Puis un silence, l’officiant s’est approché de l’agonisante dont le souffle s’espace, épuisé. De l’air… de l’air !… Ils parlent… que se disent-ils ? Quelle peut être la confession de Ninette ? Son nom, à Jacques, le prononce-t-elle ? Si elle ne l’aimait plus ? Si elle s’accusait de son amour comme d’une faute ? Si elle ne l’aimait plus ? L’appel de Dieu connait la plainte du souvenir. De l’air… on ouvre la fenêtre… quel est ce bruit ?… un oiseau est entré dans la chambre, un oiseau du soir attiré par la lumière. Puis un nouveau silence. Des burettes se choquent avec un écho argentin. Le prêtre va oindre son corps martyrisé, son corps tant immateriel… Et tout à coup, l’oiseau passe, avec des battements d’ailes.

Soudain un faible cri, et la chute légère d’un corps sur les oreillers. Jacques est près du lit, soutenant la morte. Grand-père s’est dressé brusquement comme un homme halluciné… Le prêtre continue à prier, mais il a tourné des pages dans son missel… ce n’est plus la communion, c’est le requioscat. L’oiseau effarouché a fui, avec l’âme de Ninette. Qui va fermer les yeux, ses yeux aveugles dont les prunelles éteintes semblent voir… semblent en extase… Allons grand-père… Et grand père écarte l’intrus, Jacques, celui qui est venu lui voler sa fille, qui lui a tué un soir d’amour. Oh ! ce geste du vieillard ! Jacques comprend qu’il n’est plus que l’étranger, que le passant. Il n’a pas le droit de pleurer sur le corps de Ninette… Pauvre petit.. pas le droit de pleurer.
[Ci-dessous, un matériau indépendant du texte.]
lemma card_ice_states:
  "U \<subseteq> {1..m} \<Longrightarrow> finite (ice_states k m U) \<and> card (ice_states k m U) = gt_count k U"
proof (induction k arbitrary: U)
  case 0
  then show ?case
    by (simp add: ice_states_0)
next
  case (Suc k)
  define fiber where "fiber B = {s \<in> ice_states (Suc k) m U. up_columns m (snd s 1) = B}" for B
  have "up_columns m w \<in> Pow {1..m}" for w
    by (auto simp: up_columns_def)
  then have cover: "ice_states (Suc k) m U = (\<Union>B\<in>Pow {1..m}. fiber B)"
    unfolding fiber_def by blast
  have fiber: "finite (fiber B) \<and> card (fiber B) = (if interlaces U B then gt_count k B else 0)"
    if "B \<subseteq> {1..m}" for B
  proof (cases "interlaces U B")
    case True
    then have "bij_betw drop_row (fiber B) (ice_states k m B)"
      unfolding fiber_def using drop_row_bij Suc.prems that by blast
    then show ?thesis
      using Suc.IH[OF that] True by (simp add: bij_betw_finite bij_betw_same_card)
  next
    case False
    then have "fiber B = {}"
      unfolding fiber_def by (rule ice_states_fiber_empty[OF Suc.prems that])
    then show ?thesis
      using False by simp
  qed
  have "card (ice_states (Suc k) m U) = (\<Sum>B\<in>Pow {1..m}. card (fiber B))"
    unfolding cover using fiber by (intro card_UN_disjoint) (auto simp: fiber_def)
  also have "\<dots> = (\<Sum>B\<in>Pow {1..m}. if interlaces U B then gt_count k B else 0)"
    using fiber by (intro sum.cong) auto
  also have "\<dots> = (\<Sum>B\<in>{B \<in> Pow {1..m}. interlaces U B}. gt_count k B)"
    by (rule sum.inter_filter[symmetric]) simp
  also have "\<dots> = (\<Sum>B | B \<subseteq> {1..Max U} \<and> interlaces U B. gt_count k B)"
    unfolding interlacing_subsets_eq[OF Suc.prems] ..
  finally show ?case
    unfolding cover using fiber by simp
qed


section \<open>Dependence on the first part\<close>

definition tail_up_cols :: "nat \<Rightarrow> (nat \<Rightarrow> nat) \<Rightarrow> nat set" where
  "tail_up_cols n lam = (\<lambda>k. lam k + n + 1 - k) ` {2..n}"

lemma top_up_cols_eq_image: "top_up_cols n lam = (\<lambda>k. lam k + n + 1 - k) ` {1..n}"
  unfolding top_up_cols_def by auto

lemma top_up_cols_fun_upd_1:
  assumes "1 \<le> n"
  shows "top_up_cols n (lam(1 := l1)) = insert (l1 + n) (tail_up_cols n lam)"
proof -
  have "{1..n} = insert 1 {2..n}"
    using assms by auto
  moreover have "(\<lambda>k. (lam(1 := l1)) k + n + 1 - k) ` {2..n} = tail_up_cols n lam"
    unfolding tail_up_cols_def by (intro image_cong) auto
  ultimately show ?thesis
    unfolding top_up_cols_eq_image by simp
qed

lemma card_tail_up_cols:
  assumes "\<And>a b. 2 \<le> a \<Longrightarrow> a \<le> b \<Longrightarrow> b \<le> n \<Longrightarrow> lam b \<le> lam a"
  shows "card (tail_up_cols n lam) = n - 1"
proof -
  have "inj_on (\<lambda>k. lam k + n + 1 - k) {2..n}"
  proof (rule linorder_inj_onI')
    fix a b :: nat assume "a \<in> {2..n}" "b \<in> {2..n}" "a < b"
    then show "lam a + n + 1 - a \<noteq> lam b + n + 1 - b"
      using assms[of a b] by simp
  qed
  then show ?thesis
    by (simp add: tail_up_cols_def card_image)
qed

lemma tail_up_cols_bounds:
  assumes "z \<in> tail_up_cols n lam" and "\<And>k. 2 \<le> k \<Longrightarrow> k \<le> n \<Longrightarrow> lam k \<le> l"
  shows "0 < z" "z < l + n"
proof -
  obtain k where k: "2 \<le> k" "k \<le> n" "z = lam k + n + 1 - k"
    using assms(1) by (auto simp: tail_up_cols_def)
  moreover have "lam k \<le> l"
    using assms(2) k by blast
  ultimately show "0 < z" "z < l + n"
    by auto
qed

theorem theorem3:
  fixes n :: nat and lam :: "nat \<Rightarrow> nat"
  assumes "n \<ge> 1"
    and "\<And>k. 2 \<le> k \<Longrightarrow> k < n \<Longrightarrow> lam (Suc k) \<le> lam k"
  shows "\<exists>p :: real poly. degree p = n - 1 \<and>
           (\<forall>l1 :: nat. (n \<ge> 2 \<longrightarrow> lam 2 \<le> l1) \<longrightarrow>
              real (A_lambda (lam(1 := l1)) n) = poly p (real l1))"
proof -
  have antitone: "lam b \<le> lam a" if "2 \<le> a" "a \<le> b" "b \<le> n" for a b
    by (rule lift_Suc_antimono_le_ivl[where N = "{2..<n}"]) (use assms(2) that in auto)
  define F where "F = tail_up_cols n lam"
  have "finite F" "card F = n - 1" "0 \<notin> F"
    using card_tail_up_cols[OF antitone] tail_up_cols_bounds(1)
    by (auto simp: F_def tail_up_cols_def)
  then obtain p :: "real poly" where p: "degree p = n - 1"
    "\<And>x. \<forall>z\<in>F. z < x \<Longrightarrow> real (gt_count n (insert x F)) = poly p (real x)"
    using gt_count_insert_poly[of F "n - 1"] assms(1) by auto
  show ?thesis
  proof (intro exI[of _ "pcompose p [:real n, 1:]"] conjI allI impI)
    show "degree (pcompose p [:real n, 1:]) = n - 1"
      using p(1) by (simp add: degree_pcompose)
    fix l1 assume "2 \<le> n \<longrightarrow> lam 2 \<le> l1"
    then have "lam k \<le> l1" if "2 \<le> k" "k \<le> n" for k
      using antitone[of 2 k] that by simp
    then have below: "\<forall>z\<in>F. 0 < z \<and> z < l1 + n"
      using tail_up_cols_bounds unfolding F_def by blast
    have "insert (l1 + n) F \<subseteq> {1..n + l1}"
    proof
      fix z assume "z \<in> insert (l1 + n) F"
      then show "z \<in> {1..n + l1}"
        using assms(1) below by auto
    qed
    then have "card (ice_states n (n + l1) (insert (l1 + n) F)) = gt_count n (insert (l1 + n) F)"
      using card_ice_states by blast
    then have "A_lambda (lam(1 := l1)) n = gt_count n (insert (l1 + n) F)"
      unfolding A_lambda_def six_vertex_states_eq_ice_states
        top_up_cols_fun_upd_1[OF assms(1)] F_def
      by simp
    then show "real (A_lambda (lam(1 := l1)) n) = poly (pcompose p [:real n, 1:]) (real l1)"
      using p(2) below by (simp add: poly_pcompose add.commute)
  qed
qed

end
Et comme le marquis, à genoux près de l’enfant, fixement, haineusement le regarde, Jacques recule, recule jusqu’au seuil. Adieu Ninette… adieu… Les cierges, les prières, les voix… les fleurs !… Les fleurs ! Vous me permettez… des fleurs… Et pieusement, en réprimant les spasmes de sa poitrine, Jacques entoure la tête de la morte avec ces pâleurs, ces blancheurs, avec les chysanthèmes nacrés comme elle… Adieu Ninette, Adieu. La porte est close, Jacques est parti. Et les étoiles, dans l’azur, parce qu’elles savent que Ninette les rejoint, les étoiles font des signes sur le chemin du paradis.